Through practical examples, Harry showed how text mining not only enhances the accuracy of the Monitor’s funding data but also adds value for funders looking to evaluate their investment in Open Access research. 

For example, Science Foundation Ireland (SFI) has partnered with the Monitor, providing project metadata that enables tailored text mining to identify specific projects acknowledged in publications. As a result, SFI benefits from precise insights into their funded outputs. For the Irish Research Council (IRC) and the Health Research Board (HRB), text mining at the funder level—without project metadata—has already significantly expanded the number of publications captured in their dashboards. Publication counts have nearly doubled for these funders, demonstrating the power of advanced mining techniques. HRB is also finalizing a Data Processing Agreement with OpenAIRE to enable project-level text mining, which will further enhance their insights.

However, the impact of project metadata is even more striking. Incorporating project metadata transforms text mining from a broad search to a targeted analysis, eliminating ambiguity and reducing false positives. For example, searching for specific project identifiers like GOIPG/2013/1110 ensures that publications are accurately linked to funders’ investments. Without project metadata, relying solely on funder names can lead to misattributions - such as confusing the Health Research Board (HRB) in Ireland with similarly named organizations like the Commonwealth Health Research Board in the USA or the Public Health Research Board in England.
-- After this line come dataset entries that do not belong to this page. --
section \<open>The lower bound in expectation\<close>

locale tree_ensemble_model =
  fixes d n B :: nat and M :: real and f0 fstar :: "bool list \<Rightarrow> real" and S :: "nat set"
    and \<mu> :: "real measure" and \<nu> :: "'c measure"
    and A :: "(nat \<Rightarrow> bool list \<times> real) \<Rightarrow> 'c \<Rightarrow> stree \<times> nat multiset"
  assumes B_pos: "B > 0" and S_subset: "S \<subseteq> {..<d}"
    and fstar_eq: "\<And>x. fstar x = f0 (restr x S)"
    and noise: "prob_space \<mu>" and sets_noise: "sets \<mu> = sets borel"
    and responses_bounded: "AE e in \<mu>. \<forall>x\<in>cube d. \<bar>fstar x + e\<bar> \<le> M"
    and seeds: "prob_space \<nu>"
    and measurable_A: "(\<lambda>(D, \<theta>). A D \<theta>) \<in> measurable (data_law n d fstar \<mu> \<Otimes>\<^sub>M \<nu>) (count_space UNIV)"
begin

abbreviation "sample_law \<equiv> data_law n d fstar \<mu> \<Otimes>\<^sub>M seed_law B \<nu>"
abbreviation "tree_law \<equiv> data_law n d fstar \<mu> \<Otimes>\<^sub>M \<nu>"

definition relevant_split_event :: "bool list \<Rightarrow> ((nat \<Rightarrow> bool list \<times> real) \<times> 'c) set" where
  "relevant_split_event x =
     {q \<in> space tree_law. path_splits (fst (A (fst q) (snd q))) x \<inter> S \<noteq> {}}"

definition seed_split_event :: "nat \<Rightarrow> bool list \<Rightarrow> ((nat \<Rightarrow> bool list \<times> real) \<times> (nat \<Rightarrow> 'c)) set" where
  "seed_split_event b x = (\<lambda>p. (fst p, snd p b)) -` relevant_split_event x \<inter> space sample_law"

lemma prob_space_data: "prob_space (data_law n d fstar \<mu>)"
  using noise sets_noise by (rule prob_space_data_law)

sublocale sample: prob_space sample_law
  using prob_space_data seeds by (intro prob_space_pair prob_space_seed_law)

lemma M_nonneg: "M \<ge> 0"
proof -
  have "AE e in \<mu>. M \<ge> 0"
    using responses_bounded
    by (rule eventually_mono) (meson abs_ge_zero cube_nonempty ex_in_conv order_trans)
  then show ?thesis
    using prob_space.AE_const[OF noise] by simp
qed
(* Let $\pi$ and $\tau$ be endhered patterns of the same size $p$ (identified with permutations of $\{1,\dots,p\}$). If $\pi=\operatorname{letw}(\tau)$ or $\pi=\operatorname{retw}(\tau)$, then for all integers $n,k,m$, $$a_{n,k,m}(\pi,\tau)=a_{n,k,m}(\tau,\pi).$$ In particular, $a_{n,k}(\pi)=a_{n,k}(\tau)$ for all $n,k$.
   Context: A matching of size $n$ is a set of $n$ arcs $(a,b)$ with $1\le a<b\le 2n$ such that each point of $\{1,\dots,2n\}$ belongs to exactly one arc; $a$ is the starting point and $b$ the ending point of the arc. An endhered pattern of size $p$ is a matching of size $p$ in which every starting point precedes every ending point, i.e. its starting points are $1,\dots,p$ and ending points $p+1,\dots,2p$; it is identified with the permutation $\pi=\pi_1\dots\pi_p$ where $\pi_t$ is the starting point of the arc whose ending point is $p+t$. A matching $\mu$ of size $n$ contains $\pi$ at position $(i+1,j+1)$ (integers $i\ge 0$, $j\ge i+p$) if for every $s=1,\dots,p$ the pair $(i+s,\,j+\pi^{-1}(s))$ is an arc of $\mu$, where $\pi^{-1}$ is the inverse permutation; i.e. the arcs starting at $i+1,\dots,i+p$ end exactly at $j+1,\dots,j+p$ and form the pattern $\pi$. The number of occurrences of $\pi$ in $\mu$ is the number of positions at which $\mu$ contains $\pi$. $a_{n,k}(\pi)$ is the number of matchings of size $n$ with exactly $k$ occurrences of $\pi$, and $a_{n,k,m}(\pi,\tau)$ is the number of matchings of size $n$ with exactly $k$ occurrences of $\pi$ and exactly $m$ occurrences of $\tau$. The left endhered twist $\operatorname{letw}$ (resp. right endhered twist $\operatorname{retw}$) transforms a matching by reversing every maximal run of consecutive positions that are all starting points (resp. all ending points): within a maximal run $[a,b]$ of starting (resp. ending) points, the arc that had its starting (resp. ending) point at $a+t$ gets it at $b-t$, other endpoints unchanged. Applied to an endhered pattern (viewed as a matching) these give again endhered patterns. *)

theory Defs
  imports Main
begin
Funders who supply project metadata gain precision and reliability. Before project-level mining, for some funders, up to 30% of publications attributed to them via harvested metadata were false positives - funded by other organizations entirely. By introducing project data into the mining process, we eliminated these errors, delivering a clean and trustworthy dataset for their dashboards.

To see the full list of funders indexed in the OpenAIRE Graph, visit OpenAIRE’s Funder’s page in EXPLORE. Funders with a “Registered” tick mark have provided project metadata, enabling more detailed and accurate analyses. 
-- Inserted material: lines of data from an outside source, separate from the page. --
lemma insert_arc_is_matching:
  assumes M: "is_matching n M" and xy: "1 \<le> x" "x < y" "y \<le> 2 * Suc n"
  shows "is_matching (Suc n) (insert_arc x y M)"
proof (rule is_matchingI)
  fix a b assume "(a, b) \<in> insert_arc x y M"
  then consider "(a, b) = (x, y)" | c d where "(c, d) \<in> M" "a = open_gap x y c" "b = open_gap x y d"
    unfolding insert_arc_def by auto
  then show "1 \<le> a \<and> a < b \<and> b \<le> 2 * Suc n"
  proof cases
    case 2
    then have "(a, b) \<in> arcs (Suc n)"
      using open_gap_arc_iff[OF xy] M unfolding is_matching_def by blast
    then show ?thesis unfolding arcs_def by simp
  qed (use xy in simp)
next
  show "a = c \<and> b = d"
    if "(a, b) \<in> insert_arc x y M" "(c, d) \<in> insert_arc x y M" "a = c \<or> a = d \<or> b = c \<or> b = d"
    for a b c d
    using insert_arc_common_endpoint[OF M xy(2) that] .
next
  fix t assume t: "t \<in> {1..2 * Suc n}"
  show "\<exists>a b. (a, b) \<in> insert_arc x y M \<and> (a = t \<or> b = t)"
  proof (cases "t \<in> {x, y}")
    case True
    then show ?thesis unfolding insert_arc_def by blast
  next
    case False
    then have "open_gap x y (close_gap x y t) = t" using xy(2) by simp
    moreover have "close_gap x y t \<in> {1..2 * n}"
      using t calculation open_gap_point_iff[OF xy, of "close_gap x y t"] by simp
    then obtain c d where "(c, d) \<in> M" "c = close_gap x y t \<or> d = close_gap x y t"
      using matching_coverD[OF M] by blast
    ultimately show ?thesis
      using open_gap_arc_mem_insert_arc[OF xy(2), of c d M] by metis
  qed
qed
A Collaborative Discussion

As the session transitioned to the Q&A, participants engaged with practical questions reinforcing the importance of maintaining high standards for data quality. Without consistent and enriched metadata, the ability to draw meaningful conclusions from the Monitor’s insights would falter. As Ioanna Grypari emphasized in her closing remarks, data quality is not just an operational challenge, it’s a strategic imperative.

Strengthening Collaboration: The Next Session

Looking ahead, the third session in the Open Insights Series will take place on Thursday, February 13, 2025, at 12:00 (GMT). The session will explore the role of repositories in advancing national Open Access goals, featuring updates on the National Open Access Repositories Project, practical insights into metadata guidance, and a hands-on segment on repository integration and interoperability with OpenAIRE Provide, alongside opportunities for discussion and Q&A.